Other types of auxiliary information have also been explored. Zhao et al. [31] pre-train a weakly supervised embedding from a large number of web images. Cui et al.[16] summarize the prior probabilities of AU occurrences as generic knowledge. Emotions and AUs are jointly optimized under the prior probabilities. Recently, SEV-Net [28] leverages textual descriptions of AU occurrences by employing a pre-trained word embedding to obtain auxiliary textual features. To enhance the generalization of our model, our method introduces a pre-trained expression embedding as the auxiliary information.

2.2 AU Feature Learning

Due to the local definitions of AUs, it is essential to extract local AU features. As such, some researchers proposed to obtain local information through patch learning. For instance, Zhong et al. [19] and Liu et al. [20] preprocess an input image into uniform patches before encoding to analyze facial expressions. Taking the head pose into consideration, Onal et al.[21, 32] crop AU-specific local facial patches containing information for specific AU recognition after registering the 3D head pose to reduce changes from head movements. Besides, it is a common practice to use attention mechanisms to highlight the features at the facial AU-based positions. Facial landmarks with sparse facial geometric features show an advantage in operating as a supervised attention prior. EAC-Net [25] creates fixed attention maps related to the correlations between AUs and landmarks. JÂA-Net [26] jointly performs AU detection and facial landmark detection, and the predicted landmarks are used to compute the attention map for each AU. Jacob et al. [27] propose a multi-task method that combines the tasks of AU detection and landmark-based attention map prediction. ARL et al. [24] proposed a channel-wise and spatial attention learning for each AU. And, a pixel-level relation is learned by CRF to refine the spatial attention. Except for the facial landmarks, SEV-Net [28] utilizes the textual descriptions of local details to generate a regional attention map. In this way, it highlights the local parts of global features. However, it requires extra annotations for descriptions. Our work proposes a pixel-wise self-attention map that is data-driven without supervision. Our experiments prove that our attention map is superior to the attention maps produced by prior knowledge.

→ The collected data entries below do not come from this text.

(* At E0 and E1 the entry
   d(dY/dt)/dX vanishes because Y = 0, so the eigenvalues are the diagonal entries; at E1 the
   second one is u_y (R0 - 1). E* lies on the line where dY/dt = 0, and substituting that
   line into dX/dt = 0 gives the quadratic A X^2 + B X + C = 0 with A > 0 > C, of which X*
   is the positive root. At any interior equilibrium the free space S = 1 - (X + Y)/K is
   positive (otherwise dX/dt < 0), and the equilibrium equations turn the diagonal entries
   into negative quantities and the determinant into a sum of positive terms, so both
   eigenvalues have negative real part (Routh-Hurwitz for 2x2). *)

lemma eigenvalue2_triangular:
  assumes "M $ 2 $ 1 = 0"
  shows "eigenvalue2 M l \<longleftrightarrow> l = complex_of_real (M $ 1 $ 1) \<or> l = complex_of_real (M $ 2 $ 2)"
  using assms unfolding eigenvalue2_def by auto

lemma Re_eigenvalue2_neg:
  assumes "eigenvalue2 M l"
    and trace: "M $ 1 $ 1 + M $ 2 $ 2 < 0"
    and det: "M $ 1 $ 1 * M $ 2 $ 2 - M $ 1 $ 2 * M $ 2 $ 1 > 0"
  shows "Re l < 0"
proof -
  define a b c d where "a = M $ 1 $ 1" "b = M $ 1 $ 2" "c = M $ 2 $ 1" "d = M $ 2 $ 2"
  define x y where "x = Re l" "y = Im l"
  have char: "(complex_of_real a - l) * (complex_of_real d - l) - complex_of_real b * complex_of_real c = 0"
    using assms(1) unfolding eigenvalue2_def a_b_c_d_def .
  have re: "x * x - (a + d) * x + (a * d - b * c) = y * y"
    using arg_cong[OF char, of Re] unfolding x_y_def by (simp add: algebra_simps)
  have im: "y * (a + d - 2 * x) = 0"
    using arg_cong[OF char, of Im] unfolding x_y_def by (simp add: algebra_simps)
  have "a + d < 0" "a * d - b * c > 0"
    using trace det unfolding a_b_c_d_def by auto
  show ?thesis
  proof (cases "y = 0")
    case True
    have "x \<ge> 0 \<Longrightarrow> x * x - (a + d) * x + (a * d - b * c) > 0"
      using \<open>a + d < 0\<close> \<open>a * d - b * c > 0\<close>
      by (smt (verit) mult_nonneg_nonneg mult_nonpos_nonneg)
    with re True show ?thesis unfolding x_y_def by force
  next
    case False
    with im have "x = (a + d) / 2" by simp
    with \<open>a + d < 0\<close> show ?thesis unfolding x_y_def by simp
  qed
qed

2.3 Expression Representations

Expressions are essential auxiliary information for AU detection. Some prior works leverage amounts of accessible expression data to enhance AU detection[11][7][31][16]. Recently, Chang et al.[33] utilize a large amount of unlabeled images to train a representation encoder to extract local representations and project them to a low-dimensional latent space, then improve network performance through contrastive learning. Many methods map face images into a low-dimensional manifold for subject-independent expression representations. Early works [15][34][35] train the embeddings for discrete emotion classification tasks but neglect the facial expression variations within each class. The 3D Morphable Model (3DMM) [36][37] has been proposed to fit identities and expression parameters from a single face image. Expressions are represented as the coefficients of predefined blendshapes in 3DMM. The estimated expression coefficients are then used for talking head synthesis [38][39], expression transfer [40][41], and face manipulation [42]. However, the estimated expression coefficients have weaknesses in representing fine-grained expressions. To solve the problem, Vemulapalli and Agarwala [14] proposed a compact embedding for complicated and subtle facial expressions, where facial expression similarity is defined through triplet annotations. Zhang et al. [43] proposed a Deviation Learning Network (DLN) to remove the identity information from continuous expression embeddings, and thus achieve more compact and smooth representations.

3 Proposed Method

In this section, we first briefly introduce the problem definition and then describe our proposed GTLE-Net framework.

3.1 Problem Definition

The task of AU detection is to predict the AU occurrence probabilities $[o^{1},o^{2},...,o^{N}]$ given an input face image with a resolution of $256\times 256$ . As described in section 1, expressions and AUs are two means of description from global and local levels respectively. They are highly related and thus can be utilized to promote each other. Moreover, facial expression data are easier to obtain and annotate, while AUs are more subtle and difficult to annotate. Intuitively, facial AU information can be extracted from facial expression representations when expression representation perception is adequately fine-grained. Considering the above factors, we propose a global expression encoder(GEE) and pre-train it on a large-scale facial expression dataset, aiming to obtain a powerful and robust expression representation. Furthermore, for the purpose of capturing AU local features, we propose a local AU features module (LAM) constructed with two extractors, namely, the AU mask extractor ( $E_{m}$ ) and the AU feature map extractor ( $E_{a}$ ). The framework is illustrated in Fig 2. In the following, we discuss each main module in detail.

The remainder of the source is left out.